The copy number of the CPGL genes was determined in 5 pancreatic cancer cell lines, 25 specimens from the Korean cohort, and 61 specimens from the Italian cohort, as described previously (33) using the ribonuclease P RNA component H1 (RPPH1) gene as endogenous control; the copy number of the FBXO15 gene was determined in 25 specimens from the Korean cohort. The copy number of the genes was analyzed by CapyCaller v1.0 software (Applied Biosystems). The mRNA expression of the CPGL and CPGL-B isoforms in cancer cell lines was determined by TaqMan gene expression assay (Applied Biosystems). The assays ID for the CPGL and the CPGL-B isoforms were Hs00924034_m1 and Hs00926427_m1, respectively. Expression of the glyceraldehyde-3-phosphate dehydrogenase (GAPDH) gene was used as endogenous control. mRNA expression of both CPGL and CPGL-B isoforms were presented as delta Ct value (Ct value of the GAPDH gene–Ct value of the target gene).

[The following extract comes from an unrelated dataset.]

(* Let $(\mathfrak{A},\varphi,\tau)$ be a $*$-dynamical system and let $(\mathfrak{G},\pi,\Omega)$ be any cyclic representation of $(\mathfrak{A},\varphi)$. Let $\iota:\mathfrak{A}\to\mathfrak{G}$, $\iota(A)=\pi(A)\Omega$, and let $U_0:\mathfrak{G}\to\mathfrak{G}$ be the (well-defined, linear, norm at most $1$) operator $U_0\iota(A)=\iota(\tau(A))$. Let $U:\mathfrak{H}\to\mathfrak{H}$ be the bounded linear extension of $U_0$ to the completion $\mathfrak{H}$ of $\mathfrak{G}$, and let $P$ be the orthogonal projection of $\mathfrak{H}$ onto the subspace of fixed points of $U$. Then $(\mathfrak{A},\varphi,\tau)$ is ergodic if and only if $P=\Omega\otimes\Omega$, i.e. if and only if the fixed points of $U$ form a one-dimensional subspace of $\mathfrak{H}$.
   Context: All algebras are over $\mathbb{C}$. A state on a unital $*$-algebra $\mathfrak{A}$ is a linear functional $\varphi$ with $\varphi(A^*A)\ge0$ for all $A$ and $\varphi(1)=1$. A $*$-dynamical system is a triple $(\mathfrak{A},\varphi,\tau)$ with $\mathfrak{A}$ a unital $*$-algebra, $\varphi$ a state, and $\tau:\mathfrak{A}\to\mathfrak{A}$ linear with $\tau(1)=1$ and $\varphi(\tau(A)^*\tau(A))\le\varphi(A^*A)$ for all $A$. Let $\|A\|_\varphi=\sqrt{\varphi(A^*A)}$, and identify $\alpha\in\mathbb{C}$ with $\alpha1$. The system is ergodic if for every sequence $(A_n)$ in $\mathfrak{A}$ with $\|\tau(A_n)-A_n\|_\varphi\to0$ which is Cauchy for $\|\cdot\|_\varphi$ (for every $\varepsilon>0$ there is $N$ with $\|A_m-A_n\|_\varphi\le\varepsilon$ for $m,n>N$), there is $\alpha\in\mathbb{C}$ with $\|A_n-\alpha\|_\varphi\to0$. A cyclic representation of $(\mathfrak{A},\varphi)$ is a triple $(\mathfrak{G},\pi,\Omega)$ with $\mathfrak{G}$ an inner product space, $\pi:\mathfrak{A}\to L(\mathfrak{G})$ (linear operators on $\mathfrak{G}$) linear with $\pi(1)=1$ and $\pi(AB)=\pi(A)\pi(B)$, $\Omega\in\mathfrak{G}$, $\pi(\mathfrak{A})\Omega=\mathfrak{G}$, and $\langle\pi(A)\Omega,\pi(B)\Omega\rangle=\varphi(A^*B)$ for all $A,B$. Inner products are linear in the second argument; for $x,y\in\mathfrak{H}$, $x\otimes y$ denotes the operator $z\mapsto x\langle y,z\rangle$. *)

theory Defs
  imports Complex_Main "HOL-Library.Complex_Order"
begin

Mutational analysis of KRas and TP53 genes
The mutational status of the K-Ras and TP53 genes were evaluated in 61 specimens of the Italian cohort. Nested PCR to amplify KRas (exons 1 and 2) and TP53 (exons 4, 5, 6, 7, 8, and 9) and sequencing of PCR products on an ABI PRISM 3100 Genetic Analyzer (Applied Biosystems) were done as described previously (34). Primer sequences are listed in Supplementary Table S1.
Plasmid construction and establishment of stable cell lines
The CPGL and CPGL-B cDNA were kindly provided by Dr. Jianren Gu (Jiao Tong University, Shanghai, China; ref. 35). CPGL and CPGL-B ORFs were cloned into pLNCX2-FLAG retroviral expression vector. SU.86.86 cells were transfected with pLNCX2-FLAG-CPGL, pLNCX2-FLAG-CPGL-B, and pLNCX2-FLAG plasmids, respectively. Stable clones were established after neomycin selection.

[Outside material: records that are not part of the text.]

theorem lemma3p2:
  fixes U :: "(real^'n::finite) set"
    and g :: "real^'n \<Rightarrow> real^'n^'n"
    and f V :: "real^'n \<Rightarrow> real"
  assumes "CARD('n) \<ge> 3"
    and "open U"
    and "riem_metric_on U g"
    and "smooth_on U f" and "smooth_on U V"
  defines "gt \<equiv> (\<lambda>x. exp (- 2 / (real CARD('n) - 1) * f x) *\<^sub>R g x)"
    and "u \<equiv> (\<lambda>x. exp (- f x / (real CARD('n) - 1)) * V x)"
  shows "\<forall>x\<in>U.
      lap gt u x = exp (f x / (real CARD('n) - 1)) *
          ((1/2) * Fstar_f g f V x + (1/2) * V x * Sf g f x)
    \<and> (\<forall>i j. hess gt u i j x - u x * ricci gt i j x =
          exp (- f x / (real CARD('n) - 1)) *
          (Fstar_g g f V i j x + (1/2) * Fstar_f g f V x * g x $ i $ j))"
proof
  fix x assume x: "x \<in> U"
  define c where "c = - 1 / (real CARD('n) - 1)"
  define \<phi> where "\<phi> = (\<lambda>y. c * f y)"
  have n: "real CARD('n) \<noteq> 1" using assms(1) by simp
  interpret conformal_chart U g \<phi>
    by unfold_locales (use assms(2-4) smooth_on_cmult in \<open>auto simp: \<phi>_def\<close>)
  have gt_eq: "gt = conformal_metric \<phi> g" and u_eq: "u = (\<lambda>y. exp (\<phi> y) * V y)"
    unfolding gt_def u_def conformal_metric_def \<phi>_def c_def by (simp_all add: fun_eq_iff)
  have \<phi>_derivs: "pd i \<phi> x = c * pd i f x" "hess g \<phi> i j x = c * hess g f i j x"
      "lap g \<phi> x = c * lap g f x" "gip g \<phi> \<phi> x = c * c * gip g f f x" "gip g V \<phi> x = c * gip g V f x"
    for i j
    unfolding \<phi>_def
    using pd_cmult[OF smooth_on_differentiable[OF assms(4) x]] hess_cmult[OF assms(2,4) x]
      lap_cmult[OF assms(2,4) x] gip_cmult[OF assms(4) x]
    by simp_all
  have exp_\<phi>: "exp (- \<phi> x) = exp (f x / (real CARD('n) - 1))" "exp (\<phi> x) = exp (- f x / (real CARD('n) - 1))"
    unfolding \<phi>_def c_def by simp_all
  show "lap gt u x = exp (f x / (real CARD('n) - 1)) * ((1/2) * Fstar_f g f V x + (1/2) * V x * Sf g f x)
    \<and> (\<forall>i j. hess gt u i j x - u x * ricci gt i j x =
          exp (- f x / (real CARD('n) - 1)) * (Fstar_g g f V i j x + (1/2) * Fstar_f g f V x * g x $ i $ j))"
    unfolding gt_eq u_eq lap_conformal_exp_mult[OF assms(5) x] hess_conformal_exp_mult_sub_ricci[OF assms(5) x]
    unfolding half_Fstar_f_add_Sf Fstar_g_add_half_Fstar_f \<phi>_derivs exp_\<phi>
      minus_reciprocal_coefficients[OF c_def n]
    by simp
qed

end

Protein extraction and Western blot
Protein was extracted using radioimmunoprecipitation assay buffer, and Western blot were done as described elsewhere. Anti-actin and anti-FLAG antibodies were obtained from Sigma-Aldrich. Anti-CPGL (CNDP2) antibody was obtained from Abgent.
Cell proliferation assays
A total of 1,000 to 2,000 cells were plated into 96-well plates. Cell viability was determined 24 hours after seeding of cells and then every day, by CellTiter 96 AQueousOne Solution Cell Proliferation Assay (Promega Corp.). The optical density value at 490 nm of each time point was recorded, and the value was calibrated to the value obtained 24 hours after seeding of cells. Experiments were done in triplicate.
Wound healing assay
Cells were plated in 12-well tissue plates and maintained in RPMI-1640 medium containing 10% FBS. At 80% to 90% confluency, the tip of a micropipette was used to create a linear scratch. The cells were then washed with PBS to remove floating cellular debris and fed with medium containing 1% FBS for a defined interval. Cell migration was judged by photographs taken immediately after scratching and at designated times after scratching using a digital camera. Using ImageJ software (Rasband, W.S., ImageJ, U. S. National Institutes of Health, Bethesda, MD), the wound area was measured, and the wound closure area was calculated as follows: wound closure area = area of wound at time 0 hour − area of wound after incubation for the defined interval.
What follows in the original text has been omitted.